Haven't you covered series of functions (or at least sequences of functions) in an earlier class?

 

[sarahisme]

not for a couple of years i don't think...

thanks for the help by the way :)

 

[quasar987]

Strange, since Fourier series are precisely series of functions. In occurence, sine and cosine. They are usually covered in a second analysis class together with the theory of Riemann integration.

 

[sarahisme]

yeah, we did Riemann integration about a year and half ago i think, in a first analysis class I'm pretty sure.

 

[Swapnil]

So when is it OK to move the integral inside the summation?

 

[quasar987]

Thm: If the series of function $\sum_{n=1}^{\infty} f_n(x)$ converges uniformly towards S(x) on [a,b] and if $f_n$ is integrable on [a,b] $\forall n\in \mathbb{N}$, then the function S is integrable on [a,b] and

$$\sum_{n=1}^{\infty}\int_a^b f_n(x)dx=\int_a^b \sum_{n=1}^{\infty} f_n(x)dx$$

 

[Higgs_Boson]

http://img136.imageshack.us/img136/8739/picture6tt5.png

however i do have one question, are we allowed to substitute the integral inside the summation? (i am have never heard of any rules telling me whether this is or is not allowed...)

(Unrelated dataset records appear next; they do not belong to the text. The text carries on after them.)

(* Let $\mathfrak{q}$ be a $\mathrm{Lie}$-nilpotent Leibniz algebra of class $k$ and let $0\to\mathfrak{n}\to\mathfrak{g}\xrightarrow{\pi}\mathfrak{q}\to0$ be a $\mathrm{Lie}$-central extension. Fix a free presentation $0\to\mathfrak{r}\to\mathfrak{f}\xrightarrow{\rho}\mathfrak{g}\to0$, put $\mathfrak{s}=\ker(\pi\circ\rho)$, so that $\mathcal{M}^{\mathrm{Lie}}(\mathfrak{q})=\frac{\mathfrak{s}\cap[\mathfrak{f},\mathfrak{f}]_{\mathrm{Lie}}}{[\mathfrak{f},\mathfrak{s}]_{\mathrm{Lie}}}$, and let $\theta:\mathcal{M}^{\mathrm{Lie}}(\mathfrak{q})\to\mathfrak{n}$ be $\theta(x+[\mathfrak{f},\mathfrak{s}]_{\mathrm{Lie}})=\rho(x)$. Let $\tau:\mathcal{M}^{\mathrm{Lie}}(\mathfrak{q})\to\mathcal{M}^{\mathrm{Lie}}(\mathfrak{q}/\mathfrak{q}^{[k]})$ be the map induced by the canonical projection $\mathfrak{q}\twoheadrightarrow\mathfrak{q}/\mathfrak{q}^{[k]}$ (concretely, with $\mathfrak{t}=\ker(\mathfrak{f}\to\mathfrak{q}/\mathfrak{q}^{[k]})$, $\tau(x+[\mathfrak{f},\mathfrak{s}]_{\mathrm{Lie}})=x+[\mathfrak{f},\mathfrak{t}]_{\mathrm{Lie}}$). Then $\mathfrak{g}$ is $\mathrm{Lie}$-nilpotent of class $k$ if and only if $\theta$ vanishes on $\ker(\tau)$.
   Context: Fix a field $\mathbb{K}$ with $\frac12\in\mathbb{K}$. A Leibniz algebra is a $\mathbb{K}$-vector space with a bilinear bracket satisfying $[x,[y,z]]=[[x,y],z]-[[x,z],y]$. For two-sided ideals $\mathfrak{m},\mathfrak{n}$, $[\mathfrak{m},\mathfrak{n}]_{\mathrm{Lie}}$ is the subspace spanned by all $[m,n]+[n,m]$. $Z_{\mathrm{Lie}}(\mathfrak{g})=\{z:[q,z]+[z,q]=0\ \forall q\}$; a surjection $\mathfrak{g}\to\mathfrak{q}$ is a $\mathrm{Lie}$-central extension if its kernel lies in $Z_{\mathrm{Lie}}(\mathfrak{g})$. Lower $\mathrm{Lie}$-central series: $\mathfrak{h}^{[1]}=\mathfrak{h}$, $\mathfrak{h}^{[i]}=[\mathfrak{h}^{[i-1]},\mathfrak{h}]_{\mathrm{Lie}}$; class $k$ means $\mathfrak{h}^{[k+1]}=0\ne\mathfrak{h}^{[k]}$. For a free presentation $0\to\mathfrak{r}\to\mathfrak{f}\to\mathfrak{g}\to0$ ($\mathfrak{f}$ free Leibniz), $\mathcal{M}^{\mathrm{Lie}}(\mathfrak{g})=\frac{\mathfrak{r}\cap[\mathfrak{f},\mathfrak{f}]_{\mathrm{Lie}}}{[\mathfrak{f},\mathfrak{r}]_{\mathrm{Lie}}}$, independent of the presentation up to isomorphism. *)

theory Defs
  imports Main
begin

text \<open>A Leibniz algebra over a field 'k is modelled on a whole type 'a (an additive
abelian group) with a scalar multiplication sc and a bracket br.\<close>

definition vspace :: "('k::field \<Rightarrow> 'a::ab_group_add \<Rightarrow> 'a) \<Rightarrow> bool" where
  "vspace sc \<longleftrightarrow>
     (\<forall>a x y. sc a (x + y) = sc a x + sc a y) \<and>
     (\<forall>a b x. sc (a + b) x = sc a x + sc b x) \<and>
     (\<forall>a b x. sc a (sc b x) = sc (a * b) x) \<and>
     (\<forall>x. sc 1 x = x)"

definition leibniz ::
  "('k::field \<Rightarrow> 'a::ab_group_add \<Rightarrow> 'a) \<Rightarrow> ('a \<Rightarrow> 'a \<Rightarrow> 'a) \<Rightarrow> bool" where
  "leibniz sc br \<longleftrightarrow> vspace sc \<and>
     (\<forall>x y z. br (x + y) z = br x z + br y z) \<and>
     (\<forall>x y z. br x (y + z) = br x y + br x z) \<and>
     (\<forall>a x y. br (sc a x) y = sc a (br x y)) \<and>
     (\<forall>a x y. br x (sc a y) = sc a (br x y)) \<and>
     (\<forall>x y z. br x (br y z) = br (br x y) z - br (br x z) y)"

definition lsubspace :: "('k::field \<Rightarrow> 'a::ab_group_add \<Rightarrow> 'a) \<Rightarrow> 'a set \<Rightarrow> bool" where
  "lsubspace sc A \<longleftrightarrow> 0 \<in> A \<and> (\<forall>x\<in>A. \<forall>y\<in>A. x + y \<in> A) \<and> (\<forall>c. \<forall>x\<in>A. sc c x \<in> A)"

definition lspan :: "('k::field \<Rightarrow> 'a::ab_group_add \<Rightarrow> 'a) \<Rightarrow> 'a set \<Rightarrow> 'a set" where
  "lspan sc S = \<Inter>{A. lsubspace sc A \<and> S \<subseteq> A}"

definition lin_indep :: "('k::field \<Rightarrow> 'a::ab_group_add \<Rightarrow> 'a) \<Rightarrow> 'a set \<Rightarrow> bool" where
  "lin_indep sc S \<longleftrightarrow>
     (\<forall>T c. finite T \<longrightarrow> T \<subseteq> S \<longrightarrow> (\<Sum>v\<in>T. sc (c v) v) = 0 \<longrightarrow> (\<forall>v\<in>T. c v = 0))"

definition lie_br_set ::
  "('k::field \<Rightarrow> 'a::ab_group_add \<Rightarrow> 'a) \<Rightarrow> ('a \<Rightarrow> 'a \<Rightarrow> 'a) \<Rightarrow> 'a set \<Rightarrow> 'a set \<Rightarrow> 'a set" where
  "lie_br_set sc br M N = lspan sc {br m n + br n m | m n. m \<in> M \<and> n \<in> N}"
lemma card_avoiding_minimal_t_covers_le:
  assumes ground: "n \<ge> (k - t) * (k - t + 1) + t" and "F \<noteq> {}" and "B \<subseteq> F"
    and avoids: "\<forall>X\<in>B. \<forall>T\<in>T_t n t F. \<not> T \<subseteq> X"
  shows "card B \<le> (k - t + 1) ^ (tau_t n t F - t + 1) * (tau_t n t F choose t)
                   * binom (n - tau_t n t F - 1) (int k - int (tau_t n t F) - 1)"
proof (cases "tau_t n t F < k")
  case True
  obtain T where T: "t_cover n t F T" "card T = tau_t n t F" "t \<le> card T"
    using minimal_t_cover_exists[OF \<open>F \<noteq> {}\<close>] by blast
  have "\<not> S \<subseteq> X" if "t_cover n t F S" and "card S < tau_t n t F + 1" and "X \<in> B" for S X
  proof -
    have "S \<in> T_t n t F"
      using tau_t_le_card[OF that(1)] that(1,2) unfolding T_t_def by simp
    then show ?thesis
      using avoids that(3) by blast
  qed
  then have "card B \<le> (k - t + 1) ^ (tau_t n t F + 1 - t) * (tau_t n t F choose t)
      * ((n - (tau_t n t F + 1)) choose (k - (tau_t n t F + 1)))"
    using card_le_by_t_cover[OF ground \<open>B \<subseteq> F\<close> _ _ T(1)] T(2,3) by simp
  then show ?thesis
    using True T(2,3) by (simp add: binom_def nat_diff_distrib Suc_diff_le)
next
  case False
  have "X \<in> T_t n t F" if "X \<in> B" for X
  proof -
    have "t_cover n t F X" and "card X = k"
      using that \<open>B \<subseteq> F\<close> member_t_cover members by auto
    then show ?thesis
      using tau_t_le_card[of n t F X] False unfolding T_t_def by simp
  qed
  then have "B = {}"
    using avoids by blast
  then show ?thesis by simp
qed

In this case it is surely ok to include the integral in the summation. Don't know the rule exactly but I remember my professor claiming that it's ok to do the above one.

I will try to find supporting evidence in due course!

 

[maxverywell]

In this case, how do we check if the Fourier series converges uniformly to the f(x)?
Actually we don't know if the function f is continuous and C^1 in [-L,L] so I think that we can't "move the integral inside the summation". If it was saying, for example, that the function f is periodic with L=pi and f is square integrable than we could do this.